Defendants in the suit include every state court trial judge and county clerk; the Texas medical, nursing, and pharmacy boards; Texas Attorney General Ken Paxton; and Mark Lee Dickson, director of the anti-choice Right to Life of East Texas, who has already threatened to target providers under the looming law and encouraged others to do the same.

The plaintiffs are represented by the Center for Reproductive Rights (CRR), Planned Parenthood Federation of America (PPFA), the Lawyering Project, the ACLU, the ACLU of Texas, and Morrison & Foerster LLP. The legal experts emphasized that the new law is just the latest in a long record of "unlawful and extremist tactics" by anti-choice policymakers in the state.

"Texas has long led the country in passing extremist laws intended to chip away at Texans' right to safe, accessible abortion care," said Adriana Piñon, policy counsel and senior staff attorney at the ACLU of Texas. "Now the state is trying to prevent people from getting abortions, full stop."

Piñon specifically highlighted that S.B. 8 "allows anti-abortion zealots to threaten people with lawsuits for simply trying to help a friend or relative who needs abortion care."

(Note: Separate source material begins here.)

(* Let $\mathcal B=(B_1,\dots,B_d)$ and $\mathcal B'=(B'_1,\dots,B'_{d+1})$ be splittings of $B_J\in\mathbb R^{n\times n}$ of orders $d$ and $d+1$. Suppose there are integers $0\le r\le d-1$, $0\le s\le d$ such that, writing $(C_1,\dots,C_d)=\mathcal S^r(\mathcal B)$ and $(C'_1,\dots,C'_{d+1})=\mathcal S^s(\mathcal B')$, we have (I) $C'_p=C_p$ for $p=1,\dots,d-1$; (II) $(C'_d,C'_{d+1})$ is a splitting of $C_d$; and moreover $C'_{d+1}C'_d=O$. Then $T(\mathcal B)$ and $T(\mathcal B')$ have the same nonzero eigenvalues.
   Context: For $B\in\mathbb R^{n\times n}$, a splitting of $B$ of order $d\ge1$ is an ordered $d$-tuple $\mathcal B=(B_1,\dots,B_d)$ of real $n\times n$ matrices with $B_p\neq O$ for all $p$, $\sum_{p=1}^d B_p=B$, and $B_p\circ B_q=O$ (Hadamard product) for $p\ne q$. The iteration matrix of $\mathcal B$ is the $dn\times dn$ matrix $T(\mathcal B)=(I_{dn}-\mathcal L)^{-1}\mathcal U$, where $\mathcal L,\mathcal U$ are $d\times d$ block matrices with $n\times n$ blocks, $\mathcal L_{ij}=B_j$ if $i>j$ and $O$ otherwise, $\mathcal U_{ij}=B_j$ if $i\le j$ and $O$ otherwise. The cyclic shift is $\mathcal S(B_1,\dots,B_d)=(B_d,B_1,\dots,B_{d-1})$ and $\mathcal S^r$ is its $r$-fold iterate. *)

theory Defs
  imports "Jordan_Normal_Form.Gauss_Jordan_Elimination" "Jordan_Normal_Form.Char_Poly"
begin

In a call with reporters on Tuesday, she described the anti-choice activists who have vowed to target providers if the law is allowed to take effect as "bounty hunters," noting that anyone successfully sued under it could be forced to pay a minimum of $10,000 in "statutory damages."

PPFA president and CEO Alexis McGill Johnson also raised alarm about that part of S.B. 8, warning in a statement that "this new law would open the floodgates to frivolous lawsuits designed to bankrupt health centers, harass providers, and isolate patients from anyone who would treat them with compassion as they seek out healthcare."

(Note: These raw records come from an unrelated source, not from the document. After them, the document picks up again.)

text \<open>First-order optimality: with \<open>l = \<langle>u, T u\<rangle>\<close>, the defect \<open>\<langle>x, T x\<rangle> - l \<parallel>x\<parallel>\<^sup>2\<close> is
  nonpositive on \<open>S\<close>; along \<open>u + t w\<close> it is a quadratic in \<open>t\<close> without constant term, so
  its linear coefficient \<open>2 \<langle>w, T u - l u\<rangle>\<close> vanishes. Taking \<open>w = T u - l u\<close> gives the
  claim.\<close>

lemma rayleigh_maximiser_is_eigenvector:
  fixes T :: "'v::euclidean_space \<Rightarrow> 'v"
  assumes T: "linear T" "\<And>x y. inner (T x) y = inner x (T y)"
    and S: "subspace S" "\<And>x. x \<in> S \<Longrightarrow> T x \<in> S"
    and u: "u \<in> S" "norm u = 1"
    and umax: "\<And>x. x \<in> S \<Longrightarrow> inner x (T x) \<le> inner u (T u) * (norm x)\<^sup>2"
  shows "T u = inner u (T u) *\<^sub>R u"
proof -
  define l where "l = inner u (T u)"
  have uu: "inner u u = 1"
    using u(2) by (simp flip: power2_norm_eq_inner)
  have orth: "inner w (T u) - l * inner u w = 0" if "w \<in> S" for w
  proof -
    have "2 * (inner w (T u) - l * inner u w) * t + (inner w (T w) - l * (norm w)\<^sup>2) * t\<^sup>2 \<le> 0"
      for t
    proof -
      have "u + t *\<^sub>R w \<in> S"
        using u(1) that S(1) by (simp add: subspace_add subspace_scale)
      moreover have "inner (u + t *\<^sub>R w) (T (u + t *\<^sub>R w))
          = l + 2 * t * inner w (T u) + t\<^sup>2 * inner w (T w)"
        using T(2)[of u w] unfolding l_def
        by (simp add: linear_add[OF T(1)] linear_scale[OF T(1)] inner_add_left
            inner_add_right power2_eq_square algebra_simps inner_commute)
      moreover have "(norm (u + t *\<^sub>R w))\<^sup>2 = 1 + 2 * t * inner u w + t\<^sup>2 * (norm w)\<^sup>2"
        using uu unfolding power2_norm_eq_inner
        by (simp add: inner_add_left inner_add_right inner_commute power2_eq_square algebra_simps)
      ultimately show ?thesis
        using umax[of "u + t *\<^sub>R w"] unfolding l_def by (simp add: algebra_simps)
    qed
    hence "2 * (inner w (T u) - l * inner u w) = 0"
      by (intro linear_coeff_zero_if_quadratic_nonpos[of _ "inner w (T w) - l * (norm w)\<^sup>2"])
        (simp add: mult.assoc)
    thus ?thesis by simp
  qed
  define w where "w = T u - l *\<^sub>R u"
  have "w \<in> S"
    unfolding w_def using u(1) S by (simp add: subspace_diff subspace_scale)
  moreover have "inner w (T u) - l * inner u w = inner w w"
    by (simp add: w_def inner_diff_left inner_diff_right inner_commute algebra_simps)
  ultimately have "w = 0"
    using orth by simp
  thus ?thesis
    by (simp add: w_def l_def)
qed

lemma self_adjoint_eigenvector_in_invariant_subspace:
  fixes T :: "'v::euclidean_space \<Rightarrow> 'v"
  assumes "linear T" "\<And>x y. inner (T x) y = inner x (T y)"
    and "subspace S" "\<And>x. x \<in> S \<Longrightarrow> T x \<in> S"
    and "v \<in> S" "v \<noteq> 0"
  obtains u where "u \<in> S" "norm u = 1" "T u = inner u (T u) *\<^sub>R u"
  using rayleigh_quotient_attains_max[OF assms(1,3,5,6)]
    rayleigh_maximiser_is_eigenvector[OF assms(1-4)] by metis

section \<open>Common eigenvectors of commuting Hermitian matrices\<close>

lemma matrix_vector_scaleR_commute:
  "A *v (c *\<^sub>R x) = c *\<^sub>R (A *v (x::'a::real_algebra_1^'n))"
  by (rule linear_scale[OF matrix_vector_mul_linear])

lemma subspace_common_eigenspace:
  assumes "subspace S"
  shows "subspace {x \<in> S. \<forall>i\<in>I. A i *v x = \<mu> i *\<^sub>R (x::'a::real_algebra_1^'n)}"
  using assms
  by (intro subspaceI)
    (auto simp: subspace_0 subspace_add subspace_scale matrix_vector_right_distrib
      matrix_vector_scaleR_commute scaleR_add_right)

lemma common_eigenspace_invariant:
  fixes A :: "nat \<Rightarrow> 'a::{real_algebra_1,comm_ring_1}^'n^'n"
  assumes "\<forall>i\<in>I. A i ** A k = A k ** A i"
    and "\<And>x. x \<in> S \<Longrightarrow> A k *v x \<in> S"
    and "x \<in> {x \<in> S. \<forall>i\<in>I. A i *v x = \<mu> i *\<^sub>R x}"
  shows "A k *v x \<in> {x \<in> S. \<forall>i\<in>I. A i *v x = \<mu> i *\<^sub>R x}"
proof -
  have "A i *v (A k *v x) = \<mu> i *\<^sub>R (A k *v x)" if "i \<in> I" for i
  proof -
    have "A i *v (A k *v x) = A k *v (A i *v x)"
      using assms(1) that by (simp add: matrix_vector_mul_assoc)
    also have "\<dots> = \<mu> i *\<^sub>R (A k *v x)"
      using assms(3) that by (simp add: matrix_vector_scaleR_commute)
    finally show ?thesis .
  qed
  thus ?thesis
    using assms(2,3) by simp
qed

text \<open>Induction on the number of matrices: the common eigenspace of the first \<open>k\<close> ones
  inside \<open>S\<close> is invariant under the \<open>k\<close>-th, which therefore has an eigenvector in it.\<close>

lemma common_eigenvector_of_first_matrices:
  fixes A :: "nat \<Rightarrow> 'a::rclike^'n^'n"
  assumes herm: "\<forall>i<d. hermitian (A i)"
    and comm: "\<forall>i<d. \<forall>j<d. A i ** A j = A j ** A i"
    and S: "subspace S" "\<And>i x. i < d \<Longrightarrow> x \<in> S \<Longrightarrow> A i *v x \<in> S"
    and v: "v \<in> S" "v \<noteq> 0"
    and "k \<le> d"
  shows "\<exists>\<mu> w. w \<in> S \<and> w \<noteq> 0 \<and> (\<forall>i<k. A i *v w = \<mu> i *\<^sub>R w)"
  using \<open>k \<le> d\<close>
proof (induction k)
  case 0
  thus ?case using v by blast
next
  case (Suc k)
  then obtain \<mu> w where w: "w \<in> S" "w \<noteq> 0" "\<forall>i<k. A i *v w = \<mu> i *\<^sub>R w"
    by auto
  define E where "E = {x \<in> S. \<forall>i\<in>{..<k}. A i *v x = \<mu> i *\<^sub>R x}"
  have "k < d"
    using Suc.prems by simp
  have "subspace E"
    unfolding E_def using S(1) by (rule subspace_common_eigenspace)
  moreover have "A k *v x \<in> E" if "x \<in> E" for x
    unfolding E_def using comm \<open>k < d\<close> S(2)[OF \<open>k < d\<close>] that[unfolded E_def]
    by (intro common_eigenspace_invariant) auto
  moreover have "w \<in> E"
    using w by (simp add: E_def)
  ultimately obtain u where u: "u \<in> E" "norm u = 1" "A k *v u = inner u (A k *v u) *\<^sub>R u"
    using self_adjoint_eigenvector_in_invariant_subspace[OF matrix_vector_mul_linear
        hermitian_inner_swap] herm \<open>k < d\<close> w(2) by metis
  show ?case
  proof (intro exI conjI)
    show "u \<in> S" "u \<noteq> 0"
      using u by (auto simp: E_def)
    show "\<forall>i<Suc k. A i *v u = (\<mu>(k := inner u (A k *v u))) i *\<^sub>R u"
      using u by (auto simp: E_def less_Suc_eq)
  qed
qed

As Nancy Northup, president and CEO of CRR, put it: "If this oppressive law takes effect, it will decimate abortion access in Texas—and that's exactly what it is designed to do."

"The state has put a bounty on the head of any person or entity who so much as gives a patient money for an abortion after six weeks of pregnancy, before most people know they are pregnant," she said. "Worse, it will intimidate loved ones from providing support for fear of being sued."

"And this is happening to Texans as we are fighting another direct challenge to Roe v. Wade in the Supreme Court, out of Mississippi," Northup noted, referencing the court's May decision to hear a challenge to Mississippi's ban on nearly all abortions after 15 weeks of gestation.

Reproductive rights advocates fear that the Mississippi case or other challenges to states' abortion restrictions and bans could give the high court's six conservative justices opportunities to reverse the historic 1973 decision affirming the constitutional right to end a pregnancy.

However, that fear isn't stopping providers and advocates from fighting back against what an April policy analysis from the Guttmacher Institute described as an "all-out assault" on abortion rights.

Hagstrom Miller told reporters Tuesday that clinic staff and doctors who provide abortions in Texas are already "on edge" and "terrified," forced to navigate "the uncertainty and the surveillance and stress that this kind of law is putting on them."

Patients are also stressed and confused about their rights, she said, explaining that several people have recently asked staff whether it is legal on the days of their abortions.

"Can you imagine," she said, "what that feels like as a patient and as a staff person on the ground in Texas already?"

CRR senior counsel Marc Hearron said on the call that "yet again, after decades of hostility to abortion access and patients," the Texas Legislature has forced a lawsuit.

"We have to act," he said of S.B. 8. "We can't allow this to go into effect."